In his keynote talk for RailsConf2021, David Hansson criticized the scarcity model of open sourcing. This is the model of both Gates and Stallman (Hansson, 2021) which operates on the idea that code must be licensed in order to protect the general coding world against freeloaders or stolen code.  This model is a scarcity model, and Hansson pointed out that there is no such thing as scarcity with open sourcing.  There is no limited amount of code, no boundaries for its use.  The tragedy of the commons is a misappropriated metaphor because in the commons, there is a scarcity of resources so there must be limitations and regulations in order to guide public use.  But this is not the case with open sourcing.  In fact, the result of this misapplication is that those engaged in start-ups who are working overtime for a decade to develop and guard code suffer from burnout, lose a sense of freedom and creativity, and give over their quality of life to extrinsic motivation.
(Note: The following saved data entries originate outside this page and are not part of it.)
text \<open>
  An odd element t of Z has the form 3^k a with a \<in> A, so by property P it divides no sum
  of two elements of A exceeding t. In particular no t \<in> Z^{1(2)}_{(2/9,1/3]} is a sixth of a sum
  x + y of elements x, y \<in> A \<inter> (2n/3, n] \<inter> (i + 4\<int>), and both kinds of numbers lie among the
  at most n/18 + 1 odd integers of (2n/9, n/3]. Modulo 12 the class i + 4\<int> splits into
  classes r0, r1, r2 with 2 r0 \<equiv> r1 + r2 \<equiv> 6, so every sum from r0 + r0 or r1 + r2 is six times
  an odd number. Since |X + Y| \<ge> |X| + |Y| - 1, the larger part of the top set is paid for by
  distinct sixths of sums, and the remaining class contributes at most n/36 + 1.
\<close>

lemma card_residue_class_le:
  fixes X :: "nat set" and d r :: nat and lo hi :: real
  assumes "finite X" and "d > 0" and "\<forall>x\<in>X. x mod d = r"
    and "\<forall>x\<in>X. lo < real x \<and> real x \<le> hi" and "lo \<le> hi"
  shows "real (card X) \<le> (hi - lo) / real d + 1"
proof (cases "X = {}")
  case True
  then show ?thesis using assms by simp
next
  case False
  define m where "m = Min X"
  define M where "M = Max X"
  have mM: "m \<in> X" "M \<in> X" "\<forall>x\<in>X. m \<le> x \<and> x \<le> M"
    using False assms(1) m_def M_def by auto
  have "X \<subseteq> (\<lambda>k. m + d * k) ` {0..(M - m) div d}"
  proof
    fix x assume x: "x \<in> X"
    have "x mod d = m mod d" using assms(3) x mM by simp
    then have "d dvd x - m" using x mM by (simp add: mod_eq_dvd_iff_nat)
    then obtain k where k: "x - m = d * k" by blast
    have "k \<le> (M - m) div d"
      using div_le_mono[of "d * k" "M - m" d] k mM x assms(2) by auto
    moreover have "x = m + d * k" using k mM x by auto
    ultimately show "x \<in> (\<lambda>k. m + d * k) ` {0..(M - m) div d}" by auto
  qed
  then have "card X \<le> card ((\<lambda>k. m + d * k) ` {0..(M - m) div d})"
    by (intro card_mono) auto
  also have "\<dots> \<le> card {0..(M - m) div d}"
    by (rule card_image_le) simp
  finally have card_X: "card X \<le> (M - m) div d + 1" by simp
  have "lo < real m" "real M \<le> hi" using assms(4) mM by auto
  then have "real (M - m) \<le> hi - lo" using mM by simp
  have "real (card X) \<le> real ((M - m) div d) + 1"
    using card_X by simp
  also have "real ((M - m) div d) \<le> real (M - m) / real d"
    by (rule of_nat_div_le_of_nat)
  also have "\<dots> \<le> (hi - lo) / real d"
    using \<open>real (M - m) \<le> hi - lo\<close> by (simp add: divide_right_mono)
  finally show ?thesis by simp
qed

definition sumset :: "'a::plus set \<Rightarrow> 'a set \<Rightarrow> 'a set" where
  "sumset A B = {a + b | a b. a \<in> A \<and> b \<in> B}"

lemma finite_sumset [simp]:
  assumes "finite A" and "finite B"
  shows "finite (sumset A B)"
proof -
  have "sumset A B = (\<lambda>(a, b). a + b) ` (A \<times> B)" unfolding sumset_def by auto
  then show ?thesis using assms by simp
qed

lemma card_sumset_ge:
  fixes A B :: "'a :: linordered_cancel_ab_semigroup_add set"
  assumes "finite A" and "finite B" and "A \<noteq> {}" and "B \<noteq> {}"
  shows "card A + card B \<le> card (sumset A B) + 1"
proof -
  define a\<^sub>0 where "a\<^sub>0 = Max A"
  define b\<^sub>0 where "b\<^sub>0 = Min B"
  have a\<^sub>0: "a\<^sub>0 \<in> A" "\<forall>a\<in>A. a \<le> a\<^sub>0" using assms a\<^sub>0_def by auto
  have b\<^sub>0: "b\<^sub>0 \<in> B" "\<forall>b\<in>B. b\<^sub>0 \<le> b" using assms b\<^sub>0_def by auto
  define U where "U = (\<lambda>a. a + b\<^sub>0) ` A"
  define V where "V = (\<lambda>b. a\<^sub>0 + b) ` B"
  have "card U = card A"
    unfolding U_def by (rule card_image) (simp add: inj_on_def)
  moreover have "card V = card B"
    unfolding V_def by (rule card_image) (simp add: inj_on_def)
  moreover have "U \<inter> V \<subseteq> {a\<^sub>0 + b\<^sub>0}"
  proof
    fix u assume "u \<in> U \<inter> V"
    then obtain a b where "a \<in> A" "u = a + b\<^sub>0" "b \<in> B" "u = a\<^sub>0 + b"
      unfolding U_def V_def by auto
    moreover have "a + b\<^sub>0 \<le> a\<^sub>0 + b\<^sub>0" "a\<^sub>0 + b\<^sub>0 \<le> a\<^sub>0 + b"
      using a\<^sub>0 b\<^sub>0 \<open>a \<in> A\<close> \<open>b \<in> B\<close> by (simp_all add: add_right_mono add_left_mono)
    ultimately show "u \<in> {a\<^sub>0 + b\<^sub>0}" by (simp add: order_antisym)
  qed
  then have "card (U \<inter> V) \<le> 1" using card_mono[of "{a\<^sub>0 + b\<^sub>0}"] by simp
  moreover have "card (U \<union> V) + card (U \<inter> V) = card U + card V"
    using card_Un_Int U_def V_def assms(1,2) by (metis finite_imageI)
  moreover have "U \<union> V \<subseteq> sumset A B"
    unfolding U_def V_def sumset_def using a\<^sub>0 b\<^sub>0 by auto
  then have "card (U \<union> V) \<le> card (sumset A B)"
    using assms(1,2) by (intro card_mono) simp_all
  ultimately show ?thesis by linarith
qed

lemma odd_Zset_elem_power3_multiple:
  assumes "t \<in> Zset n A" and "odd t"
  obtains a k where "a \<in> A" and "t = 3 ^ k * a"
  using assms unfolding Zset_def by auto

lemma Z12_not_dvd_sum:
  assumes "propP A" and "t \<in> Z12 n A" and "x \<in> A" "y \<in> A" and "t < x" "t < y"
  shows "\<not> t dvd x + y"
proof
  assume t_dvd: "t dvd x + y"
  have "t \<in> Zset n A" "odd t" using assms(2) unfolding Z12_def by auto
  then obtain a k where a: "a \<in> A" "t = 3 ^ k * a"
    by (rule odd_Zset_elem_power3_multiple)
  then have "a \<le> t" using \<open>odd t\<close> by (cases "a = 0") auto
  moreover have "a dvd x + y" using a t_dvd by (metis dvd_triv_right dvd_trans)
  ultimately show False
    using assms a unfolding propP_def by (meson order.strict_trans1)
qed

definition odd_window :: "nat \<Rightarrow> nat set" where
  "odd_window n = {t. 2 * n < 9 * t \<and> 3 * t \<le> n \<and> odd t}"

definition sum_sixths :: "nat \<Rightarrow> nat set \<Rightarrow> nat set" where
  "sum_sixths n S = {t \<in> odd_window n. 6 * t \<in> sumset S S}"

lemma finite_odd_window: "finite (odd_window n)"
  unfolding odd_window_def by (rule finite_subset[of _ "{..n}"]) auto

lemma card_odd_window_le: "real (card (odd_window n)) \<le> real n / 18 + 1"
proof -
  have "real (card (odd_window n)) \<le> (real n / 3 - 2 * real n / 9) / real (2::nat) + 1"
  proof (rule card_residue_class_le[OF finite_odd_window, where r = 1])
    show "\<forall>x\<in>odd_window n. 2 * real n / 9 < real x \<and> real x \<le> real n / 3"
      unfolding odd_window_def by auto
  qed (auto simp: odd_window_def odd_iff_mod_2_eq_one)
  then show ?thesis by simp
qed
The Rails project, Hansson pointed out, was the opposite experience for him.  The original MIT license was an altruistic, utopian anti-license.  Simply put, it said, “Do what you want, do as you please (just don’t sue).”  To Hansson, working on the Rails project involved doing work without anyone telling him what to do.  It was born out of a debt to the open source community that had trained him up and given him opportunities.  His development of Rails was “a truly authentic choice.”  In the coding world, there is an inverse relationship between scarcity and agency. The more a model of scarcity predominates the field, the less agency people have to create and use code.  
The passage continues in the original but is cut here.